Use Artificial Bee Colony to Determine the Optimal Stratigraphic Boundaries for a Threshold Geometric Stochastic Process
DOI:
https://doi.org/10.55562/jrucs.v56i1.32Keywords:
Artificial Bee Colony (ABC) algorithm, Monotone Trend, Turning points, Threshold Geometric Stochastic Process, Corona virus Data (Covid-19), Optimal Stratigraphic Boundaries, Moving Window Method, Root Mean Squares Error.Abstract
The Artificial Bee Colony (ABC) algorithm was used in this study as a representation of a developmental artificial intelligence technique to identify the best class boundaries for modeling data on the number of daily infections with the Coronavirus (Covid-19) epidemic and for the three governorates of Iraq (Baghdad, Erbil, and Basra).
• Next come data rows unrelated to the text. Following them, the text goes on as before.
theorem hahn_banach_graph:
  assumes p: "sublinear p" and G: "subspace G" "\<forall>(x, a)\<in>G. a \<le> p x"
  shows "\<exists>l. linear l \<and> (\<forall>x. l x \<le> p x) \<and> (\<forall>(x, a)\<in>G. l x = a)"
proof -
  obtain M where M: "G \<subseteq> M" "subspace M" "\<forall>(x, a)\<in>M. a \<le> p x"
    and max: "\<And>X. subspace X \<Longrightarrow> \<forall>(x, a)\<in>X. a \<le> p x \<Longrightarrow> M \<subseteq> X \<Longrightarrow> X = M"
    using exists_maximal_dominated_subspace_graph[OF G] by blast
  define l where "l x = (SOME a. (x, a) \<in> M)" for x
  have lM: "(x, l x) \<in> M" for x
    unfolding l_def using maximal_dominated_subspace_graph_total[OF p M(2,3) max] by (rule someI_ex)
  have graph: "l x = a" if "(x, a) \<in> M" for x a
    using dominated_subspace_graph_unique[OF p M(2,3) lM that] .
  have "linear l"
  proof
    show "l (x + y) = l x + l y" for x y
      using graph subspace_add[OF M(2) lM lM] by simp
    show "l (r *\<^sub>R x) = r *\<^sub>R l x" for r x
      using graph subspace_scale[OF M(2) lM] by simp
  qed
  moreover have "\<forall>x. l x \<le> p x" using M(3) lM by blast
  moreover have "\<forall>(x, a)\<in>G. l x = a" using M(1) graph by blast
  ultimately show ?thesis by blast
qed

lemma linear_le_norm_imp_blinfun:
  fixes l :: "'a::real_normed_vector \<Rightarrow> real"
  assumes l: "linear l" "\<And>x. l x \<le> norm x"
  obtains L :: "'a \<Rightarrow>\<^sub>L real" where "blinfun_apply L = l" "norm L \<le> 1"
proof -
  have bound: "norm (l x) \<le> norm x * 1" for x
    using l(2)[of x] l(2)[of "- x"] linear_neg[OF l(1), of x] by auto
  have "bounded_linear l"
    using linear_add[OF l(1)] linear_scale[OF l(1)] bound by (rule bounded_linear_intro)
  then have "blinfun_apply (Blinfun l) = l"
    by (rule bounded_linear_Blinfun_apply)
  moreover have "norm (Blinfun l) \<le> 1"
    using bound by (intro norm_blinfun_bound) (auto simp: calculation)
  ultimately show ?thesis by (rule that)
qed

lemma mult_le_norm_add_scaleR:
  fixes x :: "'a::real_normed_vector"
  assumes S: "subspace S" and "0 \<le> d" and d: "\<And>z. z \<in> S \<Longrightarrow> d \<le> norm (x - z)"
    and z: "z \<in> S"
  shows "t * d \<le> norm (z + t *\<^sub>R x)"
proof (cases "t > 0")
  case True
  have "d \<le> norm (x - (- inverse t *\<^sub>R z))"
    by (rule d[OF subspace_scale[OF S z]])
  then have "t * d \<le> t * norm (x - (- inverse t *\<^sub>R z))"
    using True by (intro mult_left_mono) auto
  also have "\<dots> = norm (t *\<^sub>R (x - (- inverse t *\<^sub>R z)))"
    using True by simp
  also have "t *\<^sub>R (x - (- inverse t *\<^sub>R z)) = z + t *\<^sub>R x"
    using True by (simp add: algebra_simps)
  finally show ?thesis .
next
  case False
  then have "t * d \<le> 0"
    using \<open>0 \<le> d\<close> by (simp add: mult_nonpos_nonneg)
  then show ?thesis
    using norm_ge_zero[of "z + t *\<^sub>R x"] by linarith
qed

lemma exists_functional_annihilating_subspace:
  fixes x :: "'a::real_normed_vector"
  assumes S: "subspace S" and "0 \<le> d" and "\<And>z. z \<in> S \<Longrightarrow> d \<le> norm (x - z)"
  shows "\<exists>L :: 'a \<Rightarrow>\<^sub>L real. norm L \<le> 1 \<and> (\<forall>z\<in>S. blinfun_apply L z = 0) \<and> blinfun_apply L x = d"
proof -
  define G where "G = {u + v | u v. u \<in> (\<lambda>z. (z, 0 :: real)) ` S \<and> v \<in> span {(x, d)}}"
  have "linear (\<lambda>z. (z, 0 :: real))"
    by (rule linearI) simp_all
  then have "subspace G"
    unfolding G_def using S by (intro subspace_sums subspace_span linear_subspace_image)
  moreover have "\<forall>(y, a)\<in>G. a \<le> norm y"
  proof clarify
    fix y a assume "(y, a) \<in> G"
    then obtain u v where "(y, a) = u + v" and "u \<in> (\<lambda>z. (z, 0)) ` S" "v \<in> span {(x, d)}"
      unfolding G_def by blast
    moreover obtain z where "z \<in> S" "u = (z, 0)"
      using \<open>u \<in> (\<lambda>z. (z, 0)) ` S\<close> by blast
    moreover obtain t where "v = t *\<^sub>R (x, d)"
      using \<open>v \<in> span {(x, d)}\<close> by (auto simp: span_singleton)
    ultimately show "a \<le> norm y"
      using mult_le_norm_add_scaleR[OF assms, of z t] by simp
  qed
  ultimately obtain l where l: "linear l" "\<And>y. l y \<le> norm y" "\<forall>(y, a)\<in>G. l y = a"
    using hahn_banach_graph[OF sublinear_norm] by metis
  obtain L :: "'a \<Rightarrow>\<^sub>L real" where L: "blinfun_apply L = l" "norm L \<le> 1"
    using linear_le_norm_imp_blinfun[OF l(1,2)] by blast
  have "(z, 0) \<in> G" if "z \<in> S" for z
    unfolding G_def using that
    by (intro CollectI exI[of _ "(z, 0)"] exI[of _ 0]) (simp add: span_zero)
  then have "\<forall>z\<in>S. blinfun_apply L z = 0"
    using l(3) L(1) by fast
  moreover have "(x, d) \<in> G"
    unfolding G_def using subspace_0[OF S]
    by (intro CollectI exI[of _ 0] exI[of _ "(x, d)"]) (simp add: span_base zero_prod_def)
  then have "blinfun_apply L x = d"
    using l(3) L(1) by fast
  ultimately show ?thesis
    using L(2) by blast
qed

lift_definition canonical_embedding :: "'a::real_normed_vector \<Rightarrow> ('a \<Rightarrow>\<^sub>L real) \<Rightarrow>\<^sub>L real"
  is "\<lambda>x l. blinfun_apply l x"
  by (rule blinfun.bounded_linear_left)

lemmas canonical_embedding_apply [simp] = canonical_embedding.rep_eq

lemma linear_canonical_embedding: "linear canonical_embedding"
  by (rule linearI; rule blinfun_eqI) (simp_all add: blinfun.bilinear_simps)

lemma norm_canonical_embedding_le: "norm (canonical_embedding x) \<le> norm x"
proof (rule norm_blinfun_bound)
  show "norm (canonical_embedding x l) \<le> norm x * norm l" for l
    using norm_blinfun[of l x] by (simp add: mult.commute)
qed simp

lemma topspace_weak_star_topology [simp]: "topspace weak_star_topology = UNIV"
  unfolding weak_star_topology_def topology_generated_by_topspace
  by (blast intro: exI[of _ 0] exI[of _ UNIV])

lemma weak_star_open_contains_basic_nbhd:
  fixes V :: "('a::real_normed_vector \<Rightarrow>\<^sub>L real) set"
  assumes "openin weak_star_topology V" and "l0 \<in> V"
  shows "\<exists>F e. finite F \<and> 0 < e \<and>
           (\<forall>l. (\<forall>x\<in>F. \<bar>blinfun_apply l x - blinfun_apply l0 x\<bar> < e) \<longrightarrow> l \<in> V)"
proof -
  have "generate_topology_on {{l. blinfun_apply l x \<in> U} | x U. open U} V"
    using assms(1) unfolding weak_star_topology_def by (rule openin_topology_generated_by)
  then show ?thesis
    using assms(2)
  proof (induction arbitrary: l0)
    case Empty
    then show ?case by simp
  next
    case (Int a b)
    obtain F1 e1 where "finite F1" "0 < e1"
      "\<forall>l. (\<forall>x\<in>F1. \<bar>blinfun_apply l x - blinfun_apply l0 x\<bar> < e1) \<longrightarrow> l \<in> a"
      using Int.IH(1) Int.prems by blast
    moreover obtain F2 e2 where "finite F2" "0 < e2"
      "\<forall>l. (\<forall>x\<in>F2. \<bar>blinfun_apply l x - blinfun_apply l0 x\<bar> < e2) \<longrightarrow> l \<in> b"
      using Int.IH(2) Int.prems by blast
    ultimately show ?case
      by (intro exI[of _ "F1 \<union> F2"] exI[of _ "min e1 e2"]) auto
  next
    case (UN K)
    then obtain k where "k \<in> K" "l0 \<in> k" by blast
    with UN.IH[of k l0] show ?case by blast
  next
    case (Basis s)
    then obtain x U where s: "s = {l. blinfun_apply l x \<in> U}" and "open U" by auto
    moreover have "blinfun_apply l0 x \<in> U"
      using Basis.prems s by blast
    ultimately obtain e where "0 < e" "\<And>y. dist y (blinfun_apply l0 x) < e \<Longrightarrow> y \<in> U"
      by (metis open_dist)
    then show ?case
      by (intro exI[of _ "{x}"] exI[of _ e]) (auto simp: s dist_real_def)
  qed
qed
The number of daily infection cases during the outbreak of a particular epidemic disease, such as the emerging acute respiratory syndrome coronavirus, frequently exhibits multiple trends: a steady increase during the epidemic's growth phase or outbreak, followed by a stable phase in the number of daily infection cases (referred to as the stabilization phase by some sources), which involves controlling the epidemic to eradicate it, and a subsequent decline, decline, or disappearance phase. In order to handle this type of data, a random stochastic model known as the geometric stochastic process model with an intelligent threshold was put forth. This model uses an intelligent technique to identify the data's turning points, or inversions.